There are a multitude of crucial variables at play when it comes to who has Medicaid, Medicare or private insurance. People with private insurance, for instance, tend to be wealthier and healthier than people with Medicaid, meaning health outcome inequities are likely based on much more than just who has which insurance.
“Of note,” Wednesday’s study authors said, “even among patients with commercial or Medicare insurance, non-Hispanic Black individuals were still less likely to undergo minimally invasive surgery than non-Hispanic White individuals.”

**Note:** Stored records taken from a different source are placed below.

(* Let $a=(a_2,\dots,a_k)$ be a tuple of nonnegative integers, not all zero, and let $2^p$ be the largest power of $2$ dividing all $a_i$. (1) If $\binom{|a|}{a}\equiv 1\pmod 2$, then there is a unique index $l$ such that $\binom{|a|-1}{\hat a_l}\equiv 1\pmod 2$; it is the unique index with $2^{p+1}\nmid a_l$. (2) If $\binom{|a|}{a}\equiv 0\pmod 2$ and $\binom{|a|-1}{\hat a_j}\equiv 1\pmod 2$ for some $j$, then there is a unique index $l\neq j$ with $\binom{|a|-1}{\hat a_l}\equiv 1\pmod 2$; it is the unique index other than $j$ with $2^{p+1}\nmid a_l$.
   Context: $|a|=a_2+\dots+a_k$ and $\binom{|a|}{a}=\frac{|a|!}{a_2!\cdots a_k!}$ is the multinomial coefficient. $\hat a_j=(a_2,\dots,a_j-1,\dots,a_k)$; the multinomial coefficient of a tuple with a negative entry is defined to be $0$. *)

theory Defs
  imports Main
begin

definition multinom :: "(nat \<Rightarrow> nat) \<Rightarrow> nat set \<Rightarrow> nat" where
  "multinom a I = fact (\<Sum>i\<in>I. a i) div (\<Prod>i\<in>I. fact (a i))"

definition multinom_hat :: "(nat \<Rightarrow> nat) \<Rightarrow> nat set \<Rightarrow> nat \<Rightarrow> nat" where
  "multinom_hat a I j = (if a j = 0 then 0 else multinom (a(j := a j - 1)) I)"

end

theory Submission
  imports Defs
begin

text \<open>By Kummer's theorem for the prime 2, \<open>(m + n) choose n\<close> is odd iff \<open>m\<close> and \<open>n\<close> share no
  binary digit; splitting the multinomial coefficient into binomial ones, it is odd iff the binary
  expansions of the entries are pairwise disjoint. Subtracting 1 from an entry with lowest set bit
  \<open>t\<close> replaces bit \<open>t\<close> by the bits \<open>0, \<dots>, t - 1\<close>. Since every entry is a multiple of \<open>2 ^ p\<close>,
  if \<open>t > p\<close> the decremented entry acquires bit \<open>p\<close> and collides with an entry having bit \<open>p\<close>,
  while if \<open>t = p\<close> the new low bits collide with nothing. In case (1) exactly one entry has bit \<open>p\<close>;
  in case (2) the only collision among the entries is at bit \<open>p\<close>, between \<open>a\<^sub>j\<close> and exactly one
  other entry \<open>a\<^sub>l\<close>, and decrementing either of them removes it.\<close>

lemma even_choose_double_odd: "even ((2 * M) choose (2 * N + 1))"
proof (cases M)
  case 0
  then show ?thesis by simp
next
  case (Suc M')
  have "2 * M * ((2 * M' + 1) choose (2 * N)) = ((2 * M) choose (2 * N + 1)) * (2 * N + 1)"
    using Suc_times_binomial_eq[of "2 * M' + 1" "2 * N"] Suc by simp
  then have "even (((2 * M) choose (2 * N + 1)) * (2 * N + 1))"
    by (metis dvd_triv_left dvd_mult2)
  then show ?thesis by simp
qed

lemma choose_double_mod_two: "((2 * M) choose (2 * N)) mod 2 = (M choose N) mod 2"
proof (induction M arbitrary: N)
  case 0
  then show ?case by (cases N) auto
next
  case (Suc M)
  show ?case
  proof (cases N)
    case 0
    then show ?thesis by simp
  next
    case (Suc N')
    have "(2 * Suc M choose 2 * N) = (2 * M choose 2 * N') + 2 * (2 * M choose (2 * N' + 1))
        + (2 * M choose 2 * Suc N')"
      using Suc by (simp add: numeral_2_eq_2)
    then have "(2 * Suc M choose 2 * N) mod 2 = ((2 * M choose 2 * N') + (2 * M choose 2 * Suc N')) mod 2"
      by presburger
    also have "\<dots> = ((M choose N') + (M choose Suc N')) mod 2"
      using Suc.IH by (metis mod_add_cong)
    finally show ?thesis using Suc by simp
  qed
qed
lemma poly_char_poly_H_real:
  assumes "q > 0"
  shows "poly (char_poly H_real) (p / q) = det (H_shift p q) / (3174276 * q) ^ 8"
proof -
  have "H_shift p q = (3174276 * q) \<cdot>\<^sub>m ((p / q) \<cdot>\<^sub>m 1\<^sub>m 8 - H_real)"
    using assms H_num_carrier by (intro eq_matI) (auto simp: H_shift_def H_real_def field_simps)
  then show ?thesis
    using assms H_real_carrier by (simp add: poly_char_poly_eq_det[OF H_real_carrier])
qed

(* Computed by exact elimination outside Isabelle: each cert_Uk is upper triangular and
   H_shift p q times it is the lower triangular cert_Lk; only this product is checked here. *)
definition cert_U1 :: "real list list" where
  "cert_U1 =
    [[1, 350000, -474808000, -412133344000000, 5788241235662839000, 1946456259921024655000, 9199254349417766494000000, -88647015085704630490000000],
     [0, 503201, -196468000, -170534224000000, 2776528984957678000, 10993847364664329310000, -30422501113488581344000000, -53668298220836233640000000],
     [0, 0, -308260979, -267570529772000, 3120839843508986000, -15752603404875115000000, 63140344666579516782811000, -29180609916130740386695000],
     [0, 0, 0, 186667225749169, 815834826632000000, 604713715694417606000, 547469938797260993902000, 42223273838399081972150000],
     [0, 0, 0, 0, 4116227163672239163, 46815724103039425501500, -152435343731319099767206000, -22801174286817750740000000],
     [0, 0, 0, 0, 0, -12625720229607464895627, 43386594945621162220764000, 32102654150730054756690000],
     [0, 0, 0, 0, 0, 0, 2069458328303137200438267, -1468032426093951968347500],
     [0, 0, 0, 0, 0, 0, 0, -58038052375307345129055837]]"

definition cert_L1 :: "real list list" where
  "cert_L1 =
    [[436778468, 0, 0, 0, 0, 0, 0, 0],
     [-303800000, 326168475792068, 0, 0, 0, 0, 0, 0],
     [-479136000, -207881219056000, 39573451858823828, 0, 0, 0, 0, 0],
     [0, 0, 56724952311664000, 180636512850592543429092, 0, 0, 0, 0],
     [-46004000, -62399917608000, -41246653838616000, -35802095531918688000000, 756179635991650287528892284, 0, 0, 0],
     [230020000, 311999588040000, -199598474880000000, -124101248987180805624000, 2803887347979237272135838000, 2189677301510923046686126806564, 0, 0],
     [0, 0, -76003593938324000, -83145997645194773352000, -3084199289071742921678088000, -45907009019202186776492622288000, 152848491696681417862087149271996956, 0],
     [0, 0, -70906190389580000, 78939180840669149400000, 1331852871327180159720000000, 2372364772803184632772552680000, -3866196967452807945144837252330000, 80564078178992225694819215788284]]"

lemma det_H_shift_393_2000: "det (H_shift 393 2000) < 0"
proof -
  have "det (H_shift 393 2000) * (\<Prod>i = 0..<8. cert_U1 ! i ! i) = (\<Prod>i = 0..<8. cert_L1 ! i ! i)"
    by (rule det_mult_triangular_certificate, unfold all_less_8_iff sum_atLeastLessThan_0_8)
      (simp_all add: H_shift_def H_num_def cert_U1_def cert_L1_def)
  then show ?thesis
    by (simp add: prod_atLeastLessThan_0_8 cert_U1_def cert_L1_def)
qed

definition cert_U2 :: "real list list" where
  "cert_U2 =
    [[1, 35000, 8672800, 752799040000, -1101408713386900, -17304050638806234500, 191190519638524220000, 130330668810489100000],
     [0, 136991, 2618800, 227311840000, 1512654787306200, -17685113301621669000, 31027690948345280000, 220454007485207600000],
     [0, 0, 19862999, 1724108313200, -7184660892300600, -8149366297180650000, 505345136488904521300, -159073862821123254500],
     [0, 0, 0, 11178481815101, -907889755920000, -9909475207832933400, 22786309523394646600, 497338769463377965000],
     [0, 0, 0, 0, 36371185404470057, -49837428513640850, -1309752775976570059800, 1164975818632811600000],
     [0, 0, 0, 0, 0, 49109851982205746373, -156681112116878428800, -480933727471982961000],
     [0, 0, 0, 0, 0, 0, -1098429925042464376749, 1023621202864910622750],
     [0, 0, 0, 0, 0, 0, 0, -707808409977861843627]]"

Plus, at the end of the day, it’s better for low-income families to have some health insurance than none. Medicaid is often the only option for some households. As of August, it provided for more than 90 million people.
For the purest results on Medicaid value as a whole, a massive randomized trial would need to be conducted. To that end, the authors of the recent study say further investigation into their proposed reasons for cardiac surgery inequities is required, but think this is a solid start to solving the problem.